In comparative example 3, the particle size distribution d50 increased by 1.3 times compared with example 1 without doping samarium, indicating that the piezoelectric properties (piezoelectric constant) of PZT piezoelectric ceramics can be effectively improved by doping samarium.

In conclusion, the samarium-doped PZT piezoelectric ceramic is prepared by adopting a hydrothermal method doping process and adding alkyl polyoxyethylene ether, wherein the d (50) of the samarium-doped PZT piezoelectric ceramic can be reduced to 0.332 mu m; and the piezoelectric property of the prepared piezoelectric ceramic is improved, d₃₃Can be as high as 510 pC/N. Shows the synergistic effect of rare earth element doping and alkyl polyoxyethylene ether, effectively reduces the particle size of the powder and correspondingly improves the materialThe piezoelectric properties of the material make it useful as a piezoelectric device.

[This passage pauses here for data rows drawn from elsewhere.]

lemma power_dev_coercive:
  "measure M (space M) * \<bar>t\<bar> powr r \<le> 2 powr r * (power_dev M r h t + power_dev M r h 0)"
proof -
  have "(\<integral>x. \<bar>t\<bar> powr r \<partial>M) \<le> (\<integral>x. 2 powr r * (\<bar>h x - t\<bar> powr r + \<bar>h x - 0\<bar> powr r) \<partial>M)"
  proof (rule integral_mono)
    show "integrable M (\<lambda>x. 2 powr r * (\<bar>h x - t\<bar> powr r + \<bar>h x - 0\<bar> powr r))"
      using integrable_power_dev h_integrable by auto
    show "\<bar>t\<bar> powr r \<le> 2 powr r * (\<bar>h x - t\<bar> powr r + \<bar>h x - 0\<bar> powr r)" for x
      using abs_powr_add_le[of r "t - h x" "h x"] r by (simp add: abs_minus_commute)
  qed auto
  then show ?thesis
    using integrable_power_dev h_integrable by (simp add: power_dev_def)
qed

lemma power_dev_has_min:
  assumes "emeasure M (space M) \<noteq> 0"
  shows "\<exists>t. \<forall>s. power_dev M r h t \<le> power_dev M r h s"
proof (rule continuous_coercive_has_min[OF continuous_on_power_dev])
  define \<mu> where "\<mu> = measure M (space M)"
  have \<mu>: "0 < \<mu>"
    using assms by (simp add: \<mu>_def emeasure_eq_measure zero_less_measure_iff)
  define P0 where "P0 = power_dev M r h 0"
  fix t :: real
  assume "max 1 (2 * 2 powr r * P0 / \<mu>) < \<bar>t\<bar>"
  then have t: "1 < \<bar>t\<bar>" "2 * 2 powr r * P0 < \<mu> * \<bar>t\<bar>"
    using \<mu> by (auto simp: pos_divide_less_eq mult.commute)
  have "\<bar>t\<bar> \<le> \<bar>t\<bar> powr r"
    using powr_mono[of 1 r "\<bar>t\<bar>"] t r by simp
  then have "\<mu> * \<bar>t\<bar> \<le> \<mu> * \<bar>t\<bar> powr r"
    using \<mu> by (intro mult_left_mono) auto
  then have "2 powr r * (2 * P0) < \<mu> * \<bar>t\<bar> powr r"
    using t(2) by (simp add: mult.left_commute)
  also have "\<dots> \<le> 2 powr r * (power_dev M r h t + P0)"
    using power_dev_coercive[of t] by (simp add: P0_def \<mu>_def)
  finally show "power_dev M r h 0 \<le> power_dev M r h t"
    by (simp add: P0_def)
qed

lemma power_dev_above_tangent:
  "power_dev M r h s + r * (s - t) * (\<integral>x. signed_powr r (h x - s) \<partial>M) \<le> power_dev M r h t"
proof -
  have "(\<integral>x. \<bar>h x - s\<bar> powr r + r * (s - t) * signed_powr r (h x - s) \<partial>M) \<le> power_dev M r h t"
    unfolding power_dev_def
  proof (rule integral_mono)
    show "\<bar>h x - s\<bar> powr r + r * (s - t) * signed_powr r (h x - s) \<le> \<bar>h x - t\<bar> powr r" for x
      using abs_powr_above_tangent[OF r, of "h x - s" "h x - t"] by (simp add: algebra_simps)
  qed (use integrable_power_dev integrable_signed_powr_diff in auto)
  then show ?thesis
    using integrable_power_dev integrable_signed_powr_diff by (simp add: power_dev_def)
qed
(* Let $R$ be a left (respectively right) Noetherian domain and let $A$ be a bijective skew PBW extension of $R$. Then $A$ is a left (respectively right) Ore domain; hence the left (respectively right) division ring of fractions of $A$ exists.
   Context: Rings are associative with identity. Skew PBW extension. Let $R$ and $A$ be rings. $A$ is a skew PBW extension of $R$, written $A=\sigma(R)\langle x_1,\dots,x_n\rangle$, if the following hold. (i) $R\subseteq A$. (ii) There are $x_1,\dots,x_n\in A$ such that $A$ is a free left $R$-module with basis $\{x_1^{\alpha_1}\cdots x_n^{\alpha_n}:\alpha\in\mathbb N^n\}$. (iii) For each $i$ and each $r\in R\setminus\{0\}$ there is $c_{i,r}\in R\setminus\{0\}$ with $x_ir-c_{i,r}x_i\in R$. (iv) For all $i,j$ there is $c_{i,j}\in R\setminus\{0\}$ with $x_jx_i-c_{i,j}x_ix_j\in R+Rx_1+\dots+Rx_n$. There are injective endomorphisms $\sigma_i$ of $R$ and $\sigma_i$-derivations $\delta_i$ with $x_ir=\sigma_i(r)x_i+\delta_i(r)$ for all $r\in R$. $A$ is bijective if all $\sigma_i$ are bijective and all $c_{i,j}$ ($i<j$) are invertible. A domain $D$ is a left Ore domain if for all $a,b\in D$ with $b\neq 0$ there exist $p\neq 0$ and $q$ in $D$ with $pa=qb$. Right Ore domains are defined symmetrically. *)

theory Defs
  imports Main
begin

text \<open>The ambient ring A is the whole type 'a (class ring_1); R is a subset of it.
  The generators x_1,...,x_n are x 0, ..., x (n-1).\<close>

definition subring_of :: "'a::ring_1 set \<Rightarrow> bool" where
  "subring_of R \<longleftrightarrow> 0 \<in> R \<and> 1 \<in> R \<and> (\<forall>a\<in>R. \<forall>b\<in>R. a + b \<in> R \<and> a - b \<in> R \<and> a * b \<in> R)"

definition domain_on :: "'a::ring_1 set \<Rightarrow> bool" where
  "domain_on D \<longleftrightarrow> (1::'a) \<noteq> 0 \<and> (\<forall>a\<in>D. \<forall>b\<in>D. a * b = 0 \<longrightarrow> a = 0 \<or> b = 0)"

definition left_ideal_of :: "'a::ring_1 set \<Rightarrow> 'a set \<Rightarrow> bool" where
  "left_ideal_of R I \<longleftrightarrow> I \<subseteq> R \<and> 0 \<in> I \<and> (\<forall>a\<in>I. \<forall>b\<in>I. a + b \<in> I)
     \<and> (\<forall>r\<in>R. \<forall>a\<in>I. r * a \<in> I)"

definition right_ideal_of :: "'a::ring_1 set \<Rightarrow> 'a set \<Rightarrow> bool" where
  "right_ideal_of R I \<longleftrightarrow> I \<subseteq> R \<and> 0 \<in> I \<and> (\<forall>a\<in>I. \<forall>b\<in>I. a + b \<in> I)
     \<and> (\<forall>r\<in>R. \<forall>a\<in>I. a * r \<in> I)"

definition left_noetherian_on :: "'a::ring_1 set \<Rightarrow> bool" where
  "left_noetherian_on R \<longleftrightarrow> (\<forall>I :: nat \<Rightarrow> 'a set.
     (\<forall>k. left_ideal_of R (I k)) \<and> (\<forall>k. I k \<subseteq> I (Suc k)) \<longrightarrow> (\<exists>m. \<forall>k\<ge>m. I k = I m))"

definition right_noetherian_on :: "'a::ring_1 set \<Rightarrow> bool" where
  "right_noetherian_on R \<longleftrightarrow> (\<forall>I :: nat \<Rightarrow> 'a set.
     (\<forall>k. right_ideal_of R (I k)) \<and> (\<forall>k. I k \<subseteq> I (Suc k)) \<longrightarrow> (\<exists>m. \<forall>k\<ge>m. I k = I m))"

definition left_ore_domain_on :: "'a::ring_1 set \<Rightarrow> bool" where
  "left_ore_domain_on D \<longleftrightarrow> domain_on D \<and>
     (\<forall>a\<in>D. \<forall>b\<in>D. b \<noteq> 0 \<longrightarrow> (\<exists>p\<in>D. \<exists>q\<in>D. p \<noteq> 0 \<and> p * a = q * b))"

definition right_ore_domain_on :: "'a::ring_1 set \<Rightarrow> bool" where
  "right_ore_domain_on D \<longleftrightarrow> domain_on D \<and>
     (\<forall>a\<in>D. \<forall>b\<in>D. b \<noteq> 0 \<longrightarrow> (\<exists>p\<in>D. \<exists>q\<in>D. p \<noteq> 0 \<and> a * p = b * q))"

definition exps :: "nat \<Rightarrow> (nat \<Rightarrow> nat) set" where
  "exps n = {\<alpha>. \<forall>i\<ge>n. \<alpha> i = 0}"

definition monom :: "(nat \<Rightarrow> 'a::ring_1) \<Rightarrow> nat \<Rightarrow> (nat \<Rightarrow> nat) \<Rightarrow> 'a" where
  "monom x n \<alpha> = prod_list (map (\<lambda>i. x i ^ \<alpha> i) [0..<n])"

definition free_left_basis :: "'a::ring_1 set \<Rightarrow> (nat \<Rightarrow> 'a) \<Rightarrow> nat \<Rightarrow> bool" where
  "free_left_basis R x n \<longleftrightarrow>
     (\<forall>a::'a. \<exists>S c. finite S \<and> S \<subseteq> exps n \<and> (\<forall>\<beta>\<in>S. c \<beta> \<in> R) \<and>
        a = (\<Sum>\<beta>\<in>S. c \<beta> * monom x n \<beta>)) \<and>
     (\<forall>S c. finite S \<and> S \<subseteq> exps n \<and> (\<forall>\<beta>\<in>S. c \<beta> \<in> R) \<and>
        (\<Sum>\<beta>\<in>S. c \<beta> * monom x n \<beta>) = 0 \<longrightarrow> (\<forall>\<beta>\<in>S. c \<beta> = 0))"

definition lin_span :: "'a::ring_1 set \<Rightarrow> (nat \<Rightarrow> 'a) \<Rightarrow> nat \<Rightarrow> 'a set" where
  "lin_span R x n = {r0 + (\<Sum>k<n. r k * x k) | r0 r. r0 \<in> R \<and> (\<forall>k<n. r k \<in> R)}"

definition skew_PBW :: "'a::ring_1 set \<Rightarrow> (nat \<Rightarrow> 'a) \<Rightarrow> nat \<Rightarrow> bool" where
  "skew_PBW R x n \<longleftrightarrow>
     subring_of R \<and>
     free_left_basis R x n \<and>
     (\<forall>i<n. \<forall>r\<in>R. r \<noteq> 0 \<longrightarrow> (\<exists>c\<in>R. c \<noteq> 0 \<and> x i * r - c * x i \<in> R)) \<and>
     (\<forall>i<n. \<forall>j<n. \<exists>c\<in>R. c \<noteq> 0 \<and> x j * x i - c * x i * x j \<in> lin_span R x n)"

text \<open>Bijective: each sigma_i (with x_i r = sigma_i(r) x_i + delta_i(r)) is a bijection of R,
  and the c_{i,j} (i<j) are invertible in R.\<close>
definition bijective_skew_PBW :: "'a::ring_1 set \<Rightarrow> (nat \<Rightarrow> 'a) \<Rightarrow> nat \<Rightarrow> bool" where
  "bijective_skew_PBW R x n \<longleftrightarrow>
     skew_PBW R x n \<and>
     (\<forall>i<n. \<exists>\<sigma>. bij_betw \<sigma> R R \<and> (\<forall>r\<in>R. x i * r - \<sigma> r * x i \<in> R)) \<and>
     (\<forall>i<n. \<forall>j<n. i < j \<longrightarrow> (\<exists>c\<in>R. (\<exists>d\<in>R. c * d = 1 \<and> d * c = 1) \<and>
          x j * x i - c * x i * x j \<in> lin_span R x n))"

end

theory Submission
  imports Defs "HOL-Library.FuncSet" "HOL-Library.Function_Algebras"
begin

text \<open>
  A bijective skew PBW extension \<open>A\<close> of \<open>R\<close> is filtered by total degree: \<open>F\<^sub>k\<close> is the free left
  \<open>R\<close>-module on the standard monomials of degree \<open>< k\<close>, and \<open>F\<^sub>k F\<^sub>l \<subseteq> F\<^bsub>k+l-1\<^esub>\<close>. Moving
  coefficients past monomials twists them by bijections of \<open>R\<close>, so the leading coefficient of a
  product of two monomials is nonzero; comparing extremal leading terms shows that \<open>A\<close> is a domain.

  A left Noetherian domain is left Ore: if \<open>Ra \<inter> Rb = 0\<close>, then \<open>\<Sum>\<^sub>j R b a\<^sup>j\<close> is direct and the
  chain of its partial sums never stabilises. Since \<open>rank F\<^sub>k\<close> grows polynomially in \<open>k\<close>, for some
  \<open>D\<close> the \<open>2 rank F\<^sub>D\<close> elements \<open>x\<^sup>\<gamma> a\<close>, \<open>x\<^sup>\<gamma> b\<close> lie in a filtration piece of smaller rank,
  hence are left dependent over the left Ore domain \<open>R\<close>, which yields \<open>p a = q b\<close> with \<open>p \<noteq> 0\<close>.
  Bijectivity also makes \<open>F\<^sub>k\<close> a free right \<open>R\<close>-module on the same monomials, so the right-handed
  statement is the left-handed one in the opposite ring.
\<close>

definition left_span :: "'a::ring_1 set \<Rightarrow> ('b \<Rightarrow> 'a) \<Rightarrow> 'b set \<Rightarrow> 'a set" where
  "left_span R e S = {(\<Sum>g\<in>S. c g * e g) | c. \<forall>g\<in>S. c g \<in> R}"

definition right_span :: "'a::ring_1 set \<Rightarrow> ('b \<Rightarrow> 'a) \<Rightarrow> 'b set \<Rightarrow> 'a set" where
  "right_span R e S = {(\<Sum>g\<in>S. e g * c g) | c. \<forall>g\<in>S. c g \<in> R}"

definition left_independent :: "'a::ring_1 set \<Rightarrow> ('b \<Rightarrow> 'a) \<Rightarrow> 'b set \<Rightarrow> bool" where
  "left_independent R e S \<longleftrightarrow>
     (\<forall>c. (\<forall>g\<in>S. c g \<in> R) \<and> (\<Sum>g\<in>S. c g * e g) = 0 \<longrightarrow> (\<forall>g\<in>S. c g = 0))"

definition right_independent :: "'a::ring_1 set \<Rightarrow> ('b \<Rightarrow> 'a) \<Rightarrow> 'b set \<Rightarrow> bool" where
  "right_independent R e S \<longleftrightarrow>
     (\<forall>c. (\<forall>g\<in>S. c g \<in> R) \<and> (\<Sum>g\<in>S. e g * c g) = 0 \<longrightarrow> (\<forall>g\<in>S. c g = 0))"

lemma left_spanI: "(\<And>g. g \<in> S \<Longrightarrow> c g \<in> R) \<Longrightarrow> (\<Sum>g\<in>S. c g * e g) \<in> left_span R e S"
  unfolding left_span_def by blast

lemma left_spanE:
  assumes "z \<in> left_span R e S"
  obtains c where "\<And>g. g \<in> S \<Longrightarrow> c g \<in> R" "z = (\<Sum>g\<in>S. c g * e g)"
  using assms unfolding left_span_def by blast

lemma left_independentD:
  "left_independent R e S \<Longrightarrow> (\<And>g. g \<in> S \<Longrightarrow> c g \<in> R) \<Longrightarrow> (\<Sum>g\<in>S. c g * e g) = 0 \<Longrightarrow>
     g \<in> S \<Longrightarrow> c g = 0"
  unfolding left_independent_def by blast

locale subring =
  fixes R :: "'a::ring_1 set"
  assumes subring: "subring_of R"
begin

lemma zero_closed [simp]: "0 \<in> R"
  and one_closed [simp]: "1 \<in> R"
  and add_closed: "a \<in> R \<Longrightarrow> b \<in> R \<Longrightarrow> a + b \<in> R"
  and diff_closed: "a \<in> R \<Longrightarrow> b \<in> R \<Longrightarrow> a - b \<in> R"
  and mult_closed: "a \<in> R \<Longrightarrow> b \<in> R \<Longrightarrow> a * b \<in> R"
  using subring unfolding subring_of_def by auto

The principles and embodiments of the present invention have been described herein using specific examples, which are provided only to help understand the method and the core concept of the present invention; meanwhile, for a person skilled in the art, according to the idea of the present invention, the specific embodiments and the application range may be changed. In view of the above, the present disclosure should not be construed as limiting the invention.